Thomas dictated another letter, in which he explained he didn't do many paintings because his mom thought it was messy, and did Mr. Feiffer's mom bug him about getting the kitchen table messy?

He wrapped up his letter with this sentence:

"Hope you like my pictures. Now it's your turn. I would love to see you draw a dinosaur."

I sighed and stopped typing. I tried to explain to Thomas just how important Jules Feiffer was. That the man's sketches sold for hundreds of dollars at exhibits and shows. That it might be inappropriate to ask such a man for a sketch of a dinosaur.

And Thomas had this look on his face that I can only describe as pure confidence. "Why not?" he asked. "We're both drawers.
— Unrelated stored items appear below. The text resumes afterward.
lemma independent_imageI:
  fixes f :: "'b \<Rightarrow> ('i \<Rightarrow> 'a::field)"
  assumes fin: "finite B" and inj: "inj_on f B"
    and zero: "\<And>w. (\<Sum>b\<in>B. pscale (w b) (f b)) = 0 \<Longrightarrow> \<forall>b\<in>B. w b = 0"
  shows "pv.independent (f ` B)"
proof (rule pv.independent_if_scalars_zero)
  fix w x assume w: "(\<Sum>x\<in>f ` B. pscale (w x) x) = 0" and x: "x \<in> f ` B"
  have "(\<Sum>b\<in>B. pscale (w (f b)) (f b)) = 0"
    using w by (simp add: sum.reindex[OF inj])
  then have "\<forall>b\<in>B. w (f b) = 0" by (rule zero)
  then show "w x = 0" using x by blast
qed (use fin in simp)

lemma span_Int_span_disjoint:
  fixes A C :: "('i \<Rightarrow> 'a::field) set"
  assumes ind: "pv.independent (A \<union> C)" and fin: "finite (A \<union> C)" and disj: "A \<inter> C = {}"
    and x: "x \<in> pv.span A" "x \<in> pv.span C"
  shows "x = 0"
proof -
  obtain u where u: "x = (\<Sum>v\<in>A. pscale (u v) v)"
    using x(1) pv.span_finite[of A] fin by auto
  obtain w where w: "x = (\<Sum>v\<in>C. pscale (w v) v)"
    using x(2) pv.span_finite[of C] fin by auto
  define c where "c v = (if v \<in> A then u v else - w v)" for v
  have "(\<Sum>v\<in>A \<union> C. pscale (c v) v) = (\<Sum>v\<in>A. pscale (c v) v) + (\<Sum>v\<in>C. pscale (c v) v)"
    using disj fin by (simp add: sum.union_disjoint)
  also have "\<dots> = x + (\<Sum>v\<in>C. - pscale (w v) v)"
  proof -
    have "(\<Sum>v\<in>C. pscale (c v) v) = (\<Sum>v\<in>C. - pscale (w v) v)"
      using disj by (intro sum.cong) (auto simp: c_def pscale_def fun_eq_iff)
    then show ?thesis using u by (simp add: c_def)
  qed
  also have "\<dots> = 0" using w by (simp add: sum_negf)
  finally have "\<forall>v\<in>C. c v = 0"
    using pv.independentD[OF ind fin order_refl] by blast
  then have "\<forall>v\<in>C. w v = 0"
    using disj unfolding c_def by (metis disjoint_iff neg_equal_0_iff_equal)
  then show ?thesis using w by (simp add: pv.scale_zero_left)
qed

text \<open>Rank--nullity; only \<open>V\<close>, not the ambient function space, is finite-dimensional.\<close>
lemma dim_kernel_plus_dim_image:
  fixes f :: "('i \<Rightarrow> 'a::field) \<Rightarrow> ('j \<Rightarrow> 'a)"
  assumes lf: "Vector_Spaces.linear pscale pscale f" and V: "pv.subspace V"
    and F: "finite F" "V \<subseteq> pv.span F"
  shows "pv.dim V = pv.dim {x\<in>V. f x = 0} + pv.dim (f ` V)"
proof -
  let ?Z = "{x\<in>V. f x = 0}"
  obtain A where A: "A \<subseteq> ?Z" "pv.independent A" "?Z \<subseteq> pv.span A" "card A = pv.dim ?Z"
    using pv.basis_exists by blast
  obtain B where B: "A \<subseteq> B" "B \<subseteq> V" "pv.independent B" "V \<subseteq> pv.span B"
    using pv.maximal_independent_subset_extend[of A V] A(1,2) by blast
  have finB: "finite B"
    using pv.independent_span_bound[OF F(1) B(3)] B(2) F(2) by auto
  define C where "C = B - A"
  have BAC: "B = A \<union> C" "A \<inter> C = {}" using B(1) C_def by auto
  have "inj_on f (pv.span C)"
  proof (rule pp.linear_inj_on_iff_eq_0[OF lf pv.subspace_span, THEN iffD2], intro ballI impI)
    fix x assume x: "x \<in> pv.span C" "f x = 0"
    have "x \<in> V" using x(1) pv.span_minimal[OF _ V] B(2) C_def by blast
    then have "x \<in> pv.span A" using x(2) A(3) by blast
    then show "x = 0" using span_Int_span_disjoint[of A C x] B(3) finB x(1) BAC by simp
  qed
  moreover have "pv.independent C" using pv.independent_mono[OF B(3)] C_def by blast
  ultimately have dimC: "pv.dim (f ` C) = card C"
    using dim_image_inj_on[OF lf] pv.dim_eq_card_independent by metis
  have "f b = 0" if "b \<in> A" for b using that A(1) by blast
  then have "f ` B \<subseteq> pv.span (f ` C)"
    using BAC by (auto simp: pv.span_zero intro: pv.span_base)
  then have "f ` V \<subseteq> pv.span (f ` C)"
    using pp.linear_spans_image[OF lf B(4)] pv.span_mono pv.span_span by blast
  moreover have "f ` C \<subseteq> pv.span (f ` V)"
    using C_def B(2) pv.span_superset by blast
  ultimately have "pv.span (f ` V) = pv.span (f ` C)"
    by (simp only: pv.span_eq)
  then have "pv.dim (f ` V) = pv.dim (f ` C)"
    by (rule pv.span_eq_dim)
  moreover have "pv.dim V = card B"
    using pv.dim_unique[OF B(2) B(4) B(3)] by simp
  ultimately show ?thesis
    using A(4) dimC BAC finB by (simp add: card_Un_disjoint)
qed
He'll trade with me, I bet." So I included the line, along with more copious thanks for his attention, and we sent the drawings off.

Three weeks later, the reply came back. It was a large package.

Inside was a signed copy of Bark, George, and this letter:


Thomas was walking on air for days, and a copy of the letter is on his bulletin board. So is this, the last item in the envelope:


It's hard to know who to be more impressed with: Jules Feiffer, for his kindness and encouragement to a young boy who really needed it, or my son, who for a brief, wonderful moment, abandoned all doubt, and saw himself as a peer with one of the greatest of modern cartoonists.

I'm very proud of my son. But I'm also grateful to him. Because he's allowed me to experience these moments. Because there are so many more to come.

Because he made me a father.

It was an occupation I wasn't at all sure I was ready for when it happened, but once it did, I couldn't--and still can't--imagine doing anything else as fulfilling. And that includes writing.

This is the sort of thing I think about on Father's Day.

"You can be very neat or you can be an artist, but it's hard to be both...Anyhow, life is often messy. So go figure."

Something we would all do well to remember, no?